+++ Provided material

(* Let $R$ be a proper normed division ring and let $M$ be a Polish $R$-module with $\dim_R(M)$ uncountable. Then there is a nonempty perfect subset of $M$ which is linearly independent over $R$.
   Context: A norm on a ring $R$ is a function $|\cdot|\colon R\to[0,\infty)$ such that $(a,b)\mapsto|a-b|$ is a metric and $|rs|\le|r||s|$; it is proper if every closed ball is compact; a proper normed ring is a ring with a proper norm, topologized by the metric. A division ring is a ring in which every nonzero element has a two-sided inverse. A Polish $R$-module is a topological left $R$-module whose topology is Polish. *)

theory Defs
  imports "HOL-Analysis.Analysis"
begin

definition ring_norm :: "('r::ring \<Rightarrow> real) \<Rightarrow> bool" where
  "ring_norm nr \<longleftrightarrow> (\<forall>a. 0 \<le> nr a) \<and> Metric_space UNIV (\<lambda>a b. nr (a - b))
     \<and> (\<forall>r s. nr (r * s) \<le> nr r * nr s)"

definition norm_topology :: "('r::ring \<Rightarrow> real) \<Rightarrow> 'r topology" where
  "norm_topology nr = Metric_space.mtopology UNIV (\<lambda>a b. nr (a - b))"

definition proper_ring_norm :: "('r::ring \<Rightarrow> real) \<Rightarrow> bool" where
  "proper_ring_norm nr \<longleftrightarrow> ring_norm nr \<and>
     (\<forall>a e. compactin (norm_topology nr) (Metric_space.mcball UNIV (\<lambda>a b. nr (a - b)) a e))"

++++++
+++ Provided material

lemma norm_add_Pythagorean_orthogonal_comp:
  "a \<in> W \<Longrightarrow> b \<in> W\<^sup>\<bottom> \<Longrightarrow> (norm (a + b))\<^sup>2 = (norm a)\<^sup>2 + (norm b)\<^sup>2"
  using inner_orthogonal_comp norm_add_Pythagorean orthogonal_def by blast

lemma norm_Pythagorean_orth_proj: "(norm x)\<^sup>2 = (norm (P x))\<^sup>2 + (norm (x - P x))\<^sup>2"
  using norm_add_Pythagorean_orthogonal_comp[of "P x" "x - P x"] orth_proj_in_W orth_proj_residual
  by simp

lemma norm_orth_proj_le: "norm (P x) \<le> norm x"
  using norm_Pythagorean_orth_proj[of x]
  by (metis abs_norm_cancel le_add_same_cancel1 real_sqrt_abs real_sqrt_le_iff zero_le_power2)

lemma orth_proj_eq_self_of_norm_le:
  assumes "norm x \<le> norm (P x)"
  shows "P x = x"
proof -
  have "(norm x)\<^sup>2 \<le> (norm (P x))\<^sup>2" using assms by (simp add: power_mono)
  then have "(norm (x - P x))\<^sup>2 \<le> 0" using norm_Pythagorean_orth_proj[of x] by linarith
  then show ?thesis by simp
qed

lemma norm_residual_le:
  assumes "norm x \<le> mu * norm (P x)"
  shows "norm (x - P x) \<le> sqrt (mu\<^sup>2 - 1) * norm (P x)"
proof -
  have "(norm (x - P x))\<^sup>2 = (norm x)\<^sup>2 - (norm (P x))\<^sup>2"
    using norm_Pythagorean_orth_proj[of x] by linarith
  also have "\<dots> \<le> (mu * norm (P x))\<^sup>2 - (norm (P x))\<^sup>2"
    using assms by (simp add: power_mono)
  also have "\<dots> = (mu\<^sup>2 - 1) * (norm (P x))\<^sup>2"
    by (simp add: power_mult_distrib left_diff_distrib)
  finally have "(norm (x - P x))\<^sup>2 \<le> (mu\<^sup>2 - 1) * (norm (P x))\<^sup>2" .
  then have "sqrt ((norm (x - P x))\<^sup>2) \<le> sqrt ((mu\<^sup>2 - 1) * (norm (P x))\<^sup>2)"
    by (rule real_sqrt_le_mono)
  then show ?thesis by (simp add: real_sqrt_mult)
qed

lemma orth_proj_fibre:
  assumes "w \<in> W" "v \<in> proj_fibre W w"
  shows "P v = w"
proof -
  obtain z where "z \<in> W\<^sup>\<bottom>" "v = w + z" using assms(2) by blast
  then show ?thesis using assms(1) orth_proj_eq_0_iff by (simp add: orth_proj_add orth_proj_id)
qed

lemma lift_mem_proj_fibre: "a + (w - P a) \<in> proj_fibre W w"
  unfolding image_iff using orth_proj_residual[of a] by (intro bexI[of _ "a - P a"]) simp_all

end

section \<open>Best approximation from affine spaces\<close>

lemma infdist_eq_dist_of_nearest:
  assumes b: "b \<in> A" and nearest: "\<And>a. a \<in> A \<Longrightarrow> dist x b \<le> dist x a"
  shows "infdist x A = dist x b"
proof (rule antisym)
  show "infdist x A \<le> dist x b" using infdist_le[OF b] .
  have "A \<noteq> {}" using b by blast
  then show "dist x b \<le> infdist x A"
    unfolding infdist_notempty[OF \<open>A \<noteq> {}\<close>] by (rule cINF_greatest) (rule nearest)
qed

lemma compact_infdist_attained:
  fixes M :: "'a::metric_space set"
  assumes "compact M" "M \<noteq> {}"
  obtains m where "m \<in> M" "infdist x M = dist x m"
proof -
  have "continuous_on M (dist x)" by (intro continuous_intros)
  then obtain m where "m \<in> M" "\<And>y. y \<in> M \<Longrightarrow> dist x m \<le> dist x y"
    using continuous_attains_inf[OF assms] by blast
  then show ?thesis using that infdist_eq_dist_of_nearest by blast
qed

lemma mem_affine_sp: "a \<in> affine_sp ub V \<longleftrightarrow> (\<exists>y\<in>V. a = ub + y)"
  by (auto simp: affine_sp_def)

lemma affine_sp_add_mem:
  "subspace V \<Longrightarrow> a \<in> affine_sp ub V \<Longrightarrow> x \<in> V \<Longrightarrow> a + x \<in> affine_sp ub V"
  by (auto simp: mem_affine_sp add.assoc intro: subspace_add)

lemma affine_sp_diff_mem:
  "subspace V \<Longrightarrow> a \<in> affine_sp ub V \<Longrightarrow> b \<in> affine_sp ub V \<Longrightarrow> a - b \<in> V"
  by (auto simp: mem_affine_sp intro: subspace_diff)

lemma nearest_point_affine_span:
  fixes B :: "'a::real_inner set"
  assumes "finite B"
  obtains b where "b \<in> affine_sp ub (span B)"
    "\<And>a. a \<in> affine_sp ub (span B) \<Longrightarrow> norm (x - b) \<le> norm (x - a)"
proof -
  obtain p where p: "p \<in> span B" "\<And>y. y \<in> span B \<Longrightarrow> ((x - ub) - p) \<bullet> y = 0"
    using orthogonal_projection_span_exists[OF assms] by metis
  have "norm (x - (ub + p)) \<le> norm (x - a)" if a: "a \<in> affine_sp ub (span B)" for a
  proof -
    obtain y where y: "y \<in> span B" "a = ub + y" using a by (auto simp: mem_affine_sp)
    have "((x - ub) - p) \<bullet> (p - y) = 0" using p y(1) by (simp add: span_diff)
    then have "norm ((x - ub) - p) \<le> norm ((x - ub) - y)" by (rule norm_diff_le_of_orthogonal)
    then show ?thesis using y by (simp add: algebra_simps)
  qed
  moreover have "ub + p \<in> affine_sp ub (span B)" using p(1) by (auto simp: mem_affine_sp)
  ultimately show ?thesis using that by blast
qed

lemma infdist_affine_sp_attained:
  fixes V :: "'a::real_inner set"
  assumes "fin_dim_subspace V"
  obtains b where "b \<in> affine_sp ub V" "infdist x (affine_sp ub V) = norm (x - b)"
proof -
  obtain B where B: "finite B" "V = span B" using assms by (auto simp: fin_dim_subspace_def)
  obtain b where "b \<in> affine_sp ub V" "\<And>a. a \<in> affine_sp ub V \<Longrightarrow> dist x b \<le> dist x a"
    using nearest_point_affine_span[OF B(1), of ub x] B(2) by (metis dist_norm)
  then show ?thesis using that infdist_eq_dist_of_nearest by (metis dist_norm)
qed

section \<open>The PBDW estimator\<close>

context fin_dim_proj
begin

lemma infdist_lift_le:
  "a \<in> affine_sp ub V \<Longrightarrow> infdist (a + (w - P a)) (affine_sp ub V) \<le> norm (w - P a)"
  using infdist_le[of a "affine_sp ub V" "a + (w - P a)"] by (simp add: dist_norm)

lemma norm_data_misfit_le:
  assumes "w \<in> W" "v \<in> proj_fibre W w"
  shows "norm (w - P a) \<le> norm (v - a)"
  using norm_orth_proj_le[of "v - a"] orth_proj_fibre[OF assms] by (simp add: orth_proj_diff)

++++++

From the data above, return every line from the line that has "x (affine_sp ub" up to and including the line that has "a) \<le> norm", exactly.

**Task response**
  obtains b where "b \<in> affine_sp ub V" "infdist x (affine_sp ub V) = norm (x - b)"
proof -
  obtain B where B: "finite B" "V = span B" using assms by (auto simp: fin_dim_subspace_def)
  obtain b where "b \<in> affine_sp ub V" "\<And>a. a \<in> affine_sp ub V \<Longrightarrow> dist x b \<le> dist x a"
    using nearest_point_affine_span[OF B(1), of ub x] B(2) by (metis dist_norm)
  then show ?thesis using that infdist_eq_dist_of_nearest by (metis dist_norm)
qed

section \<open>The PBDW estimator\<close>

context fin_dim_proj
begin

lemma infdist_lift_le:
  "a \<in> affine_sp ub V \<Longrightarrow> infdist (a + (w - P a)) (affine_sp ub V) \<le> norm (w - P a)"
  using infdist_le[of a "affine_sp ub V" "a + (w - P a)"] by (simp add: dist_norm)

lemma norm_data_misfit_le:
  assumes "w \<in> W" "v \<in> proj_fibre W w"
  shows "norm (w - P a) \<le> norm (v - a)"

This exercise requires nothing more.